The plant pots were produced by injection moulding at an industrial scale by LCI/FEMTO Engineering, San Casciano, in Val di Pesa, Italy. The demonstrators were moulded with a Negri Bossi P75 Injection moulding machine (Cologno Monzese, MI, Italy). The injection machine presents 4 extruder zones with control of the temperature profile. The extruder operating conditions adopted for all the formulations were 160/170/170/170 °C.

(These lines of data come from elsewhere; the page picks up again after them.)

lemma norm_iterated_mul_le: "norm ((mul u ^^ k) e) \<le> norm u ^ k"
proof (induction k)
  case 0
  then show ?case using norm_e_le by simp
next
  case (Suc k)
  have "norm ((mul u ^^ Suc k) e) \<le> norm u * norm ((mul u ^^ k) e)"
    using norm_mul_le by simp
  also have "\<dots> \<le> norm u * norm u ^ k"
    using Suc by (simp add: mult_left_mono)
  finally show ?case by simp
qed

lemma iterated_mul_commute: "mul ((mul u ^^ k) e) u = mul u ((mul u ^^ k) e)"
  by (induction k) (simp_all add: mul_assoc)

lemma Neumann_series:
  assumes v: "norm v \<le> 1/2"
  obtains s where "mul (e + v) s = e" "mul s (e + v) = e" "norm (s - e) \<le> 2 * norm v"
proof -
  define p where "p k = (mul (- v) ^^ k) e" for k
  have norm_p: "norm (p k) \<le> norm v ^ k" for k
    using norm_iterated_mul_le[where u = "- v"] by (simp add: p_def)
  have geom: "summable (\<lambda>k. norm v ^ k)"
    using v by (intro summable_geometric) simp
  then have norm_summable: "summable (\<lambda>k. norm (p k))"
    by (rule summable_comparison_test') (use norm_p in simp)
  then have summable: "summable p"
    by (rule summable_norm_cancel)
  define s where "s = suminf p"
  have tail: "s - e = (\<Sum>k. p (Suc k))"
    using suminf_split_head[OF summable] unfolding s_def by (simp add: p_def)
  have "mul v s = (\<Sum>k. mul v (p k))"
    unfolding s_def by (rule bounded_linear.suminf[OF bounded_linear_right summable])
  also have "\<dots> = (\<Sum>k. - p (Suc k))"
    by (simp add: p_def minus_left)
  also have "\<dots> = - (\<Sum>k. p (Suc k))"
    using summable summable_Suc_iff[of p] by (intro suminf_minus) blast
  finally have vs: "mul v s = e - s"
    by (simp flip: tail)
  have "mul (p k) v = mul v (p k)" for k
    using iterated_mul_commute[where u = "- v"] by (simp add: p_def minus_left minus_right)
  then have "mul s v = mul v s"
    unfolding s_def using bounded_linear.suminf[OF bounded_linear_left summable]
      bounded_linear.suminf[OF bounded_linear_right summable] by simp
  moreover have "norm (s - e) \<le> norm v * 2"
  proof -
    have norm_summable': "summable (\<lambda>k. norm (p (Suc k)))"
      using norm_summable by (subst summable_Suc_iff)
    have "norm (s - e) \<le> (\<Sum>k. norm (p (Suc k)))"
      unfolding tail by (rule summable_norm[OF norm_summable'])
    also have "\<dots> \<le> (\<Sum>k. norm v * norm v ^ k)"
      using norm_p[of "Suc _"] by (intro suminf_le norm_summable' summable_mult[OF geom]) simp
    also have "\<dots> = norm v * (1 / (1 - norm v))"
      using v by (simp add: suminf_mult[OF geom] suminf_geometric)
    also have "\<dots> \<le> norm v * 2"
      using v by (intro mult_left_mono) (simp_all add: field_simps)
    finally show ?thesis .
  qed
  ultimately show ?thesis
    using that[of s] vs by (simp add: add_left add_right mult.commute)
qed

2.5. Compost Degradation Tests

The developed biocomposite pots based on PBSA/PHBV and PBSA/PHBV/15% insect exoskeleton powder were produced from polymers that were already certified according to EN 13432 [16], with the optional addition of insect exoskeleton material. The insect exoskeleton filler was not chemically modified and did not contain any additional organic additive in a concentration above 1% (dry weight), and the total sum of these organic constituents without a determined biodegradability did not exceed 5%. In this case, disintegration was studiedto attest to the compostability according to EN13432 [16]. The disintegration of the demonstration PBSA/PHBV pot (1.55 mm bottom, 1.56 mm sidewall) and PBSA/PHBV/15% insect exoskeleton powder pot (1.52 mm bottom, 1.60 mm sidewall) was qualitatively tested according to ISO 16929 [35]. The thickness is an important characteristic, as a high thickness will impact the disintegration rate negatively. The pilot-scale aerobic composting test simulated as closely as possible a real and complete composting process in composting bins of 200 L. The pots both had a height of 15 cm and bottom diameter of 14 cm and were cut into pieces of 5 cm × 5 cm. They were added to a mixture of fresh Vegetable, Garden, and Fruit waste (VGF) and structural material and introduced in an insulated composting bin, after which composting spontaneously started. Like in full-scale composting, inoculation and temperature increases happen spontaneously. During the composting, the contents of the vessels were turned manually, at which time the test item was retrieved and visually evaluated. The fresh biowaste was derived from a separately collected organic fraction of municipal solid waste, which was obtained from the waste treatment plant of Erembodegem, Belgium. The biowaste at the start should have a moisture content and a volatile solids content of the total solids (TSs) of more than 50% and a pH above 5. From

Table 2. Characteristics of the biowaste at the start of the composting.

Characteristics	Biowaste
Total solids (TSs, %)	26.9
Moisture content (%)	73.1
Volatile solids (VSs, % of TSs)	85.3
Ash content (% of TSs)	14.7
pH	5.6
Electrical conductivity (EC, µS/cm)	3990
Volatile fatty acids (VFAs, g/L)	2.6
NOx--N (mg/L)	<10.0
NH4+-N (mg/L)	528
Total N (g/kg TS)	15.4
C/N	28

, it can be observed that these requirements were fulfilled. The biowaste contained a moisture content of 73.1% and a volatile solids content of 85.3% of the TSs. At the start, a pH of 5.6 was measured, and after 1.7 weeks of composting, the pH had increased to above 8.5. Furthermore, the C/N ratio of the biowaste at the start should preferably be between 20 and 30. An optimal C/N ratio of 28 was found for the biowaste.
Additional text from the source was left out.